__TASK REQUIREMENTS__
For the records below, print the lines from the line with "text \<open>For nonzero" through the line with "inverse \<open>(D : I)\<close>." exactly as written; include both end lines and exclude the rest.

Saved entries
______________________________
(* Let $(\Delta X)_X$ be a quasi-regular family and let $A$ be a $\Delta$-regular algebra with structure map $\beta:\mathrm{FT}\,A\to A$. Extend $\beta$ to $\Delta A$ by $$\beta(t)=\bigvee\{\beta(s)\;:\; s\ll t\}\qquad (t\in\Delta A)$$ (these suprema exist because the sets involved are $\Delta$-sets; on finite terms this agrees with the original $\beta$). Then $(A,\beta)$ with $\beta:\Delta A\to A$ is an Eilenberg–Moore algebra for the monad $(\Delta,\mu,\eta)$; that is, $\beta(\eta_A(a))=a$ for all $a\in A$, and $\beta\circ\mu_A=\beta\circ\Delta\beta$ as maps $\Delta(\Delta A)\to A$; equivalently, for every $t(s_i\mid i\in I)\in\Delta(\Delta A)$ with $s_i\in \Delta A$, $\beta(t(s_i\mid i\in I))=\beta(t(\beta(s_i)\mid i\in I))$, where on the left the term of terms is flattened into a term over $A$.
   Context: Fix a ranked alphabet $\Sigma$. An ordered $\Sigma$-algebra is a $\Sigma$-algebra $A$ with a partial order $\le$ having a least element $\bot^A$ such that every operation is monotone. $\mathrm{FT}\,X$ denotes the finite partial $\Sigma$-terms over a set $X$ (finite trees with internal nodes labeled by symbols of $\Sigma$ of matching arity, leaves labeled by constants or elements of $X$, and possibly missing subterms, written $\bot$), and $\mathrm{CT}\,X$ the partial $\Sigma$-coterms (finite or infinite such trees), ordered by extension of partial trees; $\mathrm{CT}\,X$ is the free $\omega$-continuous algebra on $X$ (countable directed sups exist and operations preserve them; morphisms are strict monotone operation-preserving maps preserving countable directed sups). A quasi-regular family is a family $(\Delta X)_X$, indexed by all sets, with each $\Delta X$ an ordered $\Sigma$-subalgebra of $\mathrm{CT}\,X$ containing $X$, such that every morphism $h:\mathrm{CT}\,X\to\mathrm{CT}\,Y$ of $\omega$-continuous algebras with $h(X)\subseteq\Delta Y$ satisfies $h(\Delta X)\subseteq \Delta Y$. Then $\Delta$ is a monad on sets (a submonad of the coterm monad): $\eta_X:X\to\Delta X$ sends $x$ to the one-node term $x$; for $g:X\to Y$, $\Delta g:\Delta X\to\Delta Y$ relabels leaves by $g$; $\mu_X:\Delta(\Delta X)\to\Delta X$ substitutes, at each leaf, the term labeling it and flattens. For an ordered algebra $A$, its structure map $\beta:\mathrm{FT}\,A\to A$ evaluates finite partial terms over $A$ in $A$ (leaf $a\mapsto a$, $\bot\mapsto\bot^A$). For $t_1,t_2\in\mathrm{CT}\,X$, write $t_1\ll t_2$ if $t_1\in\mathrm{FT}\,X$ and $t_1$ is obtained from $t_2$ by deleting subterms (i.e. agrees with $t_2$ as a labeled tree wherever $t_1$ is defined). A subset $B\subseteq A$ is a $\Delta$-set if $B=\{\beta(s):s\ll t\}$ for some $t\in\Delta A$ (such a set is countable and directed). $A$ is a $\Delta$-regular algebra if every $\Delta$-set in $A$ has a supremum and the operations preserve suprema of $\Delta$-sets, i.e. for $f\in\Sigma_n$ and $\Delta$-sets $B_1,\dots,B_n$, $f^A(\bigvee B_1,\dots,\bigvee B_n)=\bigvee\{f^A(b_1,\dots,b_n): b_i\in B_i\}$. *)

theory Defs
  imports Main "HOL-Library.Countable_Set"
begin
(* Let $D$ be an integral domain such that $D_M$ is a GCD domain for every maximal ideal $M$ of $D$, and suppose there is a family $\mathcal{F}$ of nonzero prime ideals of $D$ such that $D=\bigcap_{P\in\mathcal{F}}D_P$ with the intersection locally finite (every nonzero element of $D$ lies in only finitely many members of $\mathcal{F}$). If the ideal class group $Cl_d(D)$ (invertible fractional ideals modulo principal fractional ideals) is trivial, then $D$ is a GCD domain.
   Context: A GCD domain is an integral domain in which every pair of nonzero elements has a greatest common divisor, equivalently $aD\cap bD$ is principal for all nonzero $a,b$. *)

theory Defs
  imports Main
begin

text \<open>An integral domain D is represented as a subring of a field 'a
(every integral domain embeds into its field of fractions).  All ring-theoretic
notions below are relative to the subring D.\<close>

definition subring :: "'a::field set \<Rightarrow> bool" where
  "subring D \<longleftrightarrow> 0 \<in> D \<and> 1 \<in> D \<and>
     (\<forall>x\<in>D. \<forall>y\<in>D. x + y \<in> D \<and> x - y \<in> D \<and> x * y \<in> D)"

definition frac_field :: "'a::field set \<Rightarrow> 'a set" where
  "frac_field D = {a / b | a b. a \<in> D \<and> b \<in> D \<and> b \<noteq> 0}"

definition ring_ideal :: "'a::field set \<Rightarrow> 'a set \<Rightarrow> bool" where
  "ring_ideal D I \<longleftrightarrow> I \<subseteq> D \<and> 0 \<in> I \<and>
     (\<forall>x\<in>I. \<forall>y\<in>I. x + y \<in> I) \<and> (\<forall>r\<in>D. \<forall>x\<in>I. r * x \<in> I)"

definition prime_ideal_in :: "'a::field set \<Rightarrow> 'a set \<Rightarrow> bool" where
  "prime_ideal_in D P \<longleftrightarrow> ring_ideal D P \<and> P \<noteq> D \<and>
     (\<forall>a\<in>D. \<forall>b\<in>D. a * b \<in> P \<longrightarrow> a \<in> P \<or> b \<in> P)"

definition maximal_ideal_in :: "'a::field set \<Rightarrow> 'a set \<Rightarrow> bool" where
  "maximal_ideal_in D M \<longleftrightarrow> ring_ideal D M \<and> M \<noteq> D \<and>
     (\<forall>J. ring_ideal D J \<and> M \<subseteq> J \<longrightarrow> J = M \<or> J = D)"

definition localization :: "'a::field set \<Rightarrow> 'a set \<Rightarrow> 'a set" where
  "localization D P = {a / s | a s. a \<in> D \<and> s \<in> D \<and> s \<notin> P}"

definition rdvd :: "'a::field set \<Rightarrow> 'a \<Rightarrow> 'a \<Rightarrow> bool" where
  "rdvd R a b \<longleftrightarrow> (\<exists>c\<in>R. b = a * c)"

definition is_gcd_domain :: "'a::field set \<Rightarrow> bool" where
  "is_gcd_domain R \<longleftrightarrow>
     (\<forall>a\<in>R. \<forall>b\<in>R. a \<noteq> 0 \<longrightarrow> b \<noteq> 0 \<longrightarrow>
        (\<exists>d\<in>R. rdvd R d a \<and> rdvd R d b \<and>
           (\<forall>e\<in>R. rdvd R e a \<and> rdvd R e b \<longrightarrow> rdvd R e d)))"

definition fractional_ideal :: "'a::field set \<Rightarrow> 'a set \<Rightarrow> bool" where
  "fractional_ideal D I \<longleftrightarrow> 0 \<in> I \<and> I \<noteq> {0} \<and>
     (\<forall>x\<in>I. \<forall>y\<in>I. x + y \<in> I) \<and> (\<forall>r\<in>D. \<forall>x\<in>I. r * x \<in> I) \<and>
     (\<exists>d\<in>D. d \<noteq> 0 \<and> (\<forall>x\<in>I. d * x \<in> D))"

definition frac_ideal_prod :: "'a::field set \<Rightarrow> 'a set \<Rightarrow> 'a set" where
  "frac_ideal_prod I J = {(\<Sum>i<n. f i * g i) | (n::nat) f g. (\<forall>i<n. f i \<in> I \<and> g i \<in> J)}"

definition invertible_frac_ideal :: "'a::field set \<Rightarrow> 'a set \<Rightarrow> bool" where
  "invertible_frac_ideal D I \<longleftrightarrow> fractional_ideal D I \<and>
     (\<exists>J. fractional_ideal D J \<and> frac_ideal_prod I J = D)"

definition principal_frac_ideal :: "'a::field set \<Rightarrow> 'a set \<Rightarrow> bool" where
  "principal_frac_ideal D I \<longleftrightarrow> (\<exists>x. x \<noteq> 0 \<and> I = {x * r | r. r \<in> D})"

definition trivial_class_group :: "'a::field set \<Rightarrow> bool" where
  "trivial_class_group D \<longleftrightarrow>
     (\<forall>I. invertible_frac_ideal D I \<longrightarrow> principal_frac_ideal D I)"

end

theory Submission
  imports Defs
begin

text \<open>For nonzero \<open>a, b\<close> a gcd exists as soon as the ideal \<open>I = aD \<inter> bD\<close> of common multiples is
principal, a generator being an lcm.  As Cl(D) is trivial it suffices that \<open>I\<close> is invertible, with
inverse \<open>(D : I)\<close>.  Every \<open>D\<^sub>M\<close> is a GCD domain and so has lcms, hence \<open>I\<close> is locally principal.
If \<open>I (D : I)\<close> lay in a maximal ideal \<open>M\<close>, pick \<open>l \<in> I\<close> generating \<open>I\<close> at \<open>M\<close>.  Only finitely many
\<open>P \<in> \<F>\<close> contain \<open>l\<close>, and at each of them \<open>l\<close> can be corrected by a factor from \<open>D\<close> outside \<open>M\<close>;
the product \<open>s\<close> of these factors satisfies \<open>(s/l) I \<subseteq> \<Inter>\<^sub>P\<^sub>\<in>\<^sub>\<F> D\<^sub>P = D\<close>, so
\<open>s = l \<cdot> s/l \<in> I (D : I) \<subseteq> M\<close>, contradicting \<open>s \<notin> M\<close>.\<close>

definition common_multiples :: "'a::field set \<Rightarrow> 'a \<Rightarrow> 'a \<Rightarrow> 'a set" where
  "common_multiples D a b = {x \<in> D. rdvd D a x \<and> rdvd D b x}"

definition colon_ideal :: "'a::field set \<Rightarrow> 'a set \<Rightarrow> 'a set" where
  "colon_ideal D I = {y. \<forall>x\<in>I. y * x \<in> D}"

definition locally_principal_at :: "'a::field set \<Rightarrow> 'a set \<Rightarrow> 'a set \<Rightarrow> bool" where
  "locally_principal_at D I M \<longleftrightarrow> (\<exists>l\<in>I. l \<noteq> 0 \<and> (\<forall>x\<in>I. x / l \<in> localization D M))"

lemma localization_antimono: "Q \<subseteq> P \<Longrightarrow> localization D P \<subseteq> localization D Q"
  unfolding localization_def by blast

lemma mem_localizationI: "x \<in> D \<Longrightarrow> s \<in> D \<Longrightarrow> s \<notin> P \<Longrightarrow> x / s \<in> localization D P"
  unfolding localization_def by blast

lemma mult_mem_frac_ideal_prod: "x \<in> I \<Longrightarrow> y \<in> J \<Longrightarrow> x * y \<in> frac_ideal_prod I J"
  unfolding frac_ideal_prod_def
  by (intro CollectI exI[of _ "1::nat"] exI[of _ "\<lambda>_. x"] exI[of _ "\<lambda>_. y"]) simp

lemma sum_lessThan_add: "(\<Sum>i<(n::nat) + m. h i) = (\<Sum>i<n. h i) + (\<Sum>i<m. h (n + i))"
  by (induct m) (auto simp: add.commute add.left_commute)

subsection \<open>Least common multiples in GCD domains\<close>

lemma gcd_domain_gcd_exists:
  "is_gcd_domain R \<Longrightarrow> a \<in> R \<Longrightarrow> b \<in> R \<Longrightarrow> a \<noteq> 0 \<Longrightarrow> b \<noteq> 0 \<Longrightarrow>
    \<exists>d\<in>R. rdvd R d a \<and> rdvd R d b \<and> (\<forall>e\<in>R. rdvd R e a \<and> rdvd R e b \<longrightarrow> rdvd R e d)"
  unfolding is_gcd_domain_def by blast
______________________________
__EXERCISE RESPONSE__
text \<open>For nonzero \<open>a, b\<close> a gcd exists as soon as the ideal \<open>I = aD \<inter> bD\<close> of common multiples is
principal, a generator being an lcm.  As Cl(D) is trivial it suffices that \<open>I\<close> is invertible, with
inverse \<open>(D : I)\<close>.  Every \<open>D\<^sub>M\<close> is a GCD domain and so has lcms, hence \<open>I\<close> is locally principal.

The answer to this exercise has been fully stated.